When Samuel Hoffberger's son, Jerold Hoffberger, returned from World War II in 1945, he was made treasurer of the company at age 26. In 1947, after the death of Arthur Deute, Jerold was named President of the National Brewing Company, a position he would hold for 28 years. Under Jerold Hoffberger's leadership, National undertook an aggressive expansion program.

National Bohemian gained increased prominence in 1954 after Jerold Hoffberger played a key role in the successful effort to move the St. Louis Browns to Baltimore where they became the Baltimore Orioles. “Natty Boh” was sold at Memorial Stadium and would ultimately become the official sponsor of the Baltimore Orioles.

In 1954 the company expanded outside Maryland by buying a controlling interest in the Altes Brewing Co. of Detroit. By that time, National was brewing 1,000,000 barrels annually at its Baltimore plant - an increase from 300,000 barrels just seven years earlier - while the Altes acquisition added another 800,000 barrels of capacity.

Two years later, in 1956, National Brewing purchased the Marlin Brewing Co. of Orlando Florida, which added another 120,000 barrels in annual production capacity.

In October 1958 the company launched a new advertising campaign praising the Chesapeake Bay region and describing National Bohemian beer as being “From the Land of Pleasant Living.” The slogan became part of the folk culture of Maryland and the unofficial motto of the state. In 1959 Maryland's House of Delegates and Senate adopted resolutions commending the National Brewing Company "for their outstanding work in publicizing and extolling the virtues of Maryland and the Chesapeake Bay". The theme was later incorporated into the company's jingle, which boasted that National beer was proudly “brewed on the shores of the Chesapeake Bay.” Land of Pleasant Living themed advertising was used by the company until 1970, when it was retired because it was thought to be wearing thin.

In 1960, National produced 1,354,000 barrels.

The company acquired the Miami, Florida Regal brewery plant and its brands in June 1961. The Miami brewery had a capacity of between 400,000 and 500,000 barrels annually.
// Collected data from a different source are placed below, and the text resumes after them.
lemma in_R_Ls: "in_R (Ls \<epsilon> \<phi> \<theta>)"
proof -
  define h where "h = su2_of 0 (k * cos \<nu>) 0 (- (k * (sin \<nu> * sin \<theta>)))"
  define P where "P = su2_of (cos \<phi>) (sin \<phi> * cos \<theta>) (sin \<phi> * sin \<theta>) 0"
  define B where "B = su2_of (cos \<nu>) (sin \<nu> * cos \<theta>) (sin \<nu> * sin \<theta>) 0"
  define b where "b = - (h ** su2_of 0 0 0 (-1) ** su2_of 0 (- (k * cos \<nu>)) 0 (k * (sin \<nu> * sin \<theta>)))"
  have pyth: "(sin \<theta>)\<^sup>2 + (cos \<theta>)\<^sup>2 = 1" "(sin \<phi>)\<^sup>2 + (cos \<phi>)\<^sup>2 = 1" "(sin \<nu>)\<^sup>2 + (cos \<nu>)\<^sup>2 = 1"
    by simp_all
  have unit_P: "unit_quat (cos \<phi>) (sin \<phi> * cos \<theta>) (sin \<phi> * sin \<theta>) 0"
    and unit_B: "unit_quat (cos \<nu>) (sin \<nu> * cos \<theta>) (sin \<nu> * sin \<theta>) 0"
    unfolding unit_quat_def using pyth by (simp_all only: power_zero_numeral add_0_right) algebra+
  have "b = su2_of 0 (- 2 * k\<^sup>2 * sin \<nu> * cos \<nu> * sin \<theta>) 0 (2 * k\<^sup>2 * (sin \<nu>)\<^sup>2 * (sin \<theta>)\<^sup>2 - 1)"
    using Ls_eq_su2_of unfolding Ls_eq_su2_of_mult b_def h_def by simp
  moreover have "unit_quat 0 (- 2 * k\<^sup>2 * sin \<nu> * cos \<nu> * sin \<theta>) 0 (2 * k\<^sup>2 * (sin \<nu>)\<^sup>2 * (sin \<theta>)\<^sup>2 - 1)"
    unfolding unit_quat_def using k_sq_mult_D pyth
    by (simp only: power_zero_numeral add_0_right add_0_left) algebra
  ultimately have SU2: "h \<in> SU2" "P \<in> SU2" "B \<in> SU2" "su2_of 0 0 0 1 \<in> SU2" "b \<in> SU2"
    unfolding h_def P_def B_def using unit_quat_h unit_P unit_B
    by (auto intro!: su2_of_in_SU2 simp: unit_quat_def)
  have "P ** B = B ** P" unfolding P_def B_def su2_of_mult su2_of_eq_iff by (simp add: algebra_simps)
  then have "comm (h ** P) B = h ** B ** matrix_inv h ** matrix_inv B"
    using comm_mult_commuting[OF SU2(1,2)] by (simp add: comm_def)
  moreover have "h ** B ** matrix_inv h ** matrix_inv B ** su2_of 0 0 0 1 ** b = mat 1"
    unfolding h_def B_def b_def matrix_inv_su2_of[OF unit_quat_h] matrix_inv_su2_of[OF unit_B]
      minus_zero minus_minus
    by (rule comm_relation_identity) (use k_sq_mult_D pyth in \<open>auto simp: power_mult_distrib algebra_simps\<close>)
  ultimately show ?thesis
    unfolding in_R_def Ls_eq_su2_of_mult h_def[symmetric] P_def[symmetric] B_def[symmetric]
      b_def[symmetric] prod.case
    using SU2 SU2_mult_closed[OF SU2(1,2)]
    by (simp add: trace_su2_of b_def h_def su2_of_mult uminus_su2_of)
qed

lemma mu_Ls: "mu (Ls \<epsilon> \<phi> \<theta>) = 1 - 2 * k\<^sup>2 * (sin \<nu>)\<^sup>2 * (sin \<theta>)\<^sup>2"
proof -
  obtain A B a b where L: "Ls \<epsilon> \<phi> \<theta> = (A, B, a, b)" by (metis prod_cases4)
  have rel: "comm A B ** (a ** b) = mat 1" and ab: "a ** b \<in> SU2"
    using in_R_Ls SU2_mult_closed unfolding L in_R_def by (auto simp: matrix_mul_assoc)
  have "comm A B = comm A B ** ((a ** b) ** matrix_inv (a ** b))"
    using SU2_mult_matrix_inv[OF ab] by simp
  also have "\<dots> = matrix_inv (a ** b)"
    by (metis matrix_mul_assoc matrix_mul_lid rel)
  finally have "trace (comm A B) = trace (a ** b)" using trace_matrix_inv_SU2[OF ab] by simp
  moreover have "a = su2_of 0 0 0 1"
    "b = su2_of 0 (- 2 * k\<^sup>2 * sin \<nu> * cos \<nu> * sin \<theta>) 0 (2 * k\<^sup>2 * (sin \<nu>)\<^sup>2 * (sin \<theta>)\<^sup>2 - 1)"
    using Ls_eq_su2_of unfolding L by auto
  ultimately show ?thesis unfolding L mu_def prod.case by (simp add: su2_of_mult trace_su2_of)
qed

lemma in_P4_Ls:
  assumes "sin \<nu> \<noteq> 0" "sin \<theta> \<noteq> 0"
  shows "in_P4 (Ls \<epsilon> \<phi> \<theta>)"
proof -
  have "0 < k" using D_pos k_def by simp
  then have "0 < k\<^sup>2 * (sin \<nu>)\<^sup>2 * (sin \<theta>)\<^sup>2" using assms by simp
  moreover have "k\<^sup>2 * (sin \<nu>)\<^sup>2 * (sin \<theta>)\<^sup>2 \<le> k\<^sup>2 * ((cos \<nu>)\<^sup>2 + (sin \<nu>)\<^sup>2 * (sin \<theta>)\<^sup>2)"
    by (simp add: algebra_simps)
  ultimately show ?thesis unfolding in_P4_def mu_Ls using in_R_Ls k_sq_mult_D by simp
qed
theorem mainTheorem6:
  fixes p r :: nat and U V P :: "real mat" and \<pi> :: "nat \<Rightarrow> real"
    and c\<^sub>1 C\<^sub>1 c\<^sub>2 :: real
  assumes "r \<ge> 1"
    and U: "U \<in> carrier_mat p r" and V: "V \<in> carrier_mat p r"
    and U_nonneg: "\<forall>i<p. \<forall>j<r. U $$ (i,j) \<ge> 0"
    and V_nonneg: "\<forall>i<p. \<forall>j<r. V $$ (i,j) \<ge> 0"
    and U_rows: "\<forall>i<p. (\<Sum>j<r. U $$ (i,j)) = 1"
    and V_cols: "\<forall>j<r. (\<Sum>i<p. V $$ (i,j)) = 1"
    and P_def: "P = U * transpose_mat V"
    and erg: "ergodic_chain p P"
    and stat: "stationary_dist p P \<pi>"
    and cpos: "c\<^sub>1 > 0" "C\<^sub>1 > 0" "c\<^sub>2 > 0"
    and pi_bounds: "\<forall>j<p. c\<^sub>1 / real p \<le> \<pi> j \<and> \<pi> j \<le> C\<^sub>1 / real p"
    and eigU: "lambda_min (transpose_mat U * (mat_diag p \<pi>)^\<^sub>m 2 * U)
                 \<ge> c\<^sub>2 / (real p * real r)"
    and eigV: "lambda_min (transpose_mat V * mat_diag p (\<lambda>i. 1 / \<pi> i) * V) \<ge> c\<^sub>2 * real r"
  shows "c\<^sub>2 / sqrt (real p) \<le> sing_val (mat_diag p \<pi> * P * mat_diag p (\<lambda>i. 1 / sqrt (\<pi> i))) r
       \<and> sing_val (mat_diag p \<pi> * P * mat_diag p (\<lambda>i. 1 / sqrt (\<pi> i))) r
         \<le> sing_val (mat_diag p \<pi> * P * mat_diag p (\<lambda>i. 1 / sqrt (\<pi> i))) 1
       \<and> sing_val (mat_diag p \<pi> * P * mat_diag p (\<lambda>i. 1 / sqrt (\<pi> i))) 1
         \<le> C\<^sub>1 / sqrt c\<^sub>1 / sqrt (real p)"
proof -
  define Q where "Q = mat_diag p \<pi> * P * mat_diag p (\<lambda>i. 1 / sqrt (\<pi> i))"
  define X where "X = mat_diag p \<pi> * U"
  define Y where "Y = mat_diag p (\<lambda>i. 1 / sqrt (\<pi> i)) * V"
  have p: "0 < p" using stat unfolding stationary_dist_def by (cases p) auto
  have r: "0 < r" using \<open>r \<ge> 1\<close> by simp
  have pos: "0 < \<pi> j" if "j < p" for j
    using pi_bounds that cpos(1) p by (meson divide_pos_pos of_nat_0_less_iff order_less_le_trans)
  have X: "X \<in> carrier_mat p r" and Y: "Y \<in> carrier_mat p r"
    unfolding X_def Y_def using U V by (auto intro: mult_carrier_mat[OF mat_diag_dim])
  have Q_XY: "Q = X * transpose_mat Y"
    unfolding Q_def X_def Y_def P_def by (rule mat_diag_mult_low_rank[OF U V])
  have "transpose_mat X * X = transpose_mat U * (mat_diag p \<pi>)^\<^sub>m 2 * U"
    unfolding X_def gram_mat_diag_mult[OF U] by (simp add: numeral_2_eq_2)
  note low_X = quadratic_form_gram_ge[OF X r eigU[folded this]]
  have "transpose_mat Y * Y = transpose_mat V * mat_diag p (\<lambda>i. 1 / \<pi> i) * V"
    unfolding Y_def gram_mat_diag_mult[OF V] using pos
    by (intro arg_cong2[where f = "\<lambda>A B. A * B * V"] refl eq_matI)
      (auto simp: mat_diag_def real_sqrt_mult[symmetric] less_imp_le)
  note low_Y = quadratic_form_gram_ge[OF Y r eigV[folded this]]
  have lower: "r \<le> p" "sqrt (c\<^sub>2 / (real p * real r) * (c\<^sub>2 * real r)) \<le> sing_val Q r"
    unfolding Q_XY using sing_val_low_rank_ge[OF X Y \<open>r \<ge> 1\<close> _ low_X _ low_Y] cpos p r by auto
  moreover have "sqrt (c\<^sub>2 / (real p * real r) * (c\<^sub>2 * real r)) = c\<^sub>2 / sqrt (real p)"
    using cpos r by (simp add: real_sqrt_divide power2_eq_square[symmetric])
  moreover have "sing_val Q r \<le> sing_val Q 1"
    using sing_val_antimono[of Q p p 1 r] X Y lower(1) \<open>r \<ge> 1\<close> by (simp add: Q_XY)
  moreover have "sing_val Q 1 \<le> sqrt (C\<^sub>1 / real p)"
    unfolding Q_def using erg stat p pos pi_bounds unfolding ergodic_chain_def
    by (intro sing_val_stationary_scaling_le) auto
  moreover have "c\<^sub>1 \<le> C\<^sub>1"
    using pi_bounds p by (metis divide_le_cancel not_less of_nat_0_less_iff order_trans)
  hence "sqrt (C\<^sub>1 / real p) \<le> C\<^sub>1 / sqrt c\<^sub>1 / sqrt (real p)"
    unfolding real_sqrt_divide using cpos by (intro divide_right_mono sqrt_le_divide_sqrt) auto
  ultimately show ?thesis unfolding Q_def by linarith
qed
National continued to brew Regal beer in Miami. The smaller Orlando plant was closed later that year.

National's last brewery acquisition occurred in 1966 when it purchased the Phoenix, Arizona plant of Carling Brewing Co. Until 1964 the Phoenix brewery had been owned by the Arizona Brewing Co., and National's acquisition included the A-1 beer label, which had been an Arizona Brewing brand. The Phoenix plant had a capacity of 350,000 barrels a year and brought National's total capacity to 2,600,000 barrels.

===Contraction, Merger and Sale===
By the early 1970s, the National Brewing Company, facing intense competition and high prices, struggled to continue operating as an independent entity.

National's Detroit brewery closed in early 1974, and its Miami plant was shut down in early 1975, leaving only the Baltimore and Phoenix plants in operation.

In 1974 the company produced 2.2 million barrels.

In 1975, National Brewing was acquired by Carling Brewing Company in what was described at the time as a merger. Although the Hoffbergers managed to sell their beer holdings for more than $16 million, Jerold Hoffberger stayed on as head of Carling-National Breweries. At the time, National had two breweries and Carling had seven, including a large plant in Halethorpe, Baltimore County that was built in 1961; together they had the capacity to brew 7 million barrels a year, making it the 9th largest brewery in the country. Nevertheless, as Carling-National experienced a sharp decline in sales their first year, a merger with Pabst Brewing Company was subsequently proposed. The court, however, arguing that the fusion of the two companies would result in a monopoly, denied the merger. Merely three years later, Carling-National was sold to G. Heileman Brewing Company of La Crosse, Wisconsin and the former brewing facility of Brewer's Hill was closed.
Stroh Brewery Company of Detroit, Michigan later bought over the rights from Heileman in 1996. National Bohemian beer has not been brewed in Baltimore since.

===21st century===
In the early 2000s the old Baltimore National Brewing plant was converted to business and office spaces as a part of the Brewers Hill redevelopment project by Obrecht Commercial Real Estate.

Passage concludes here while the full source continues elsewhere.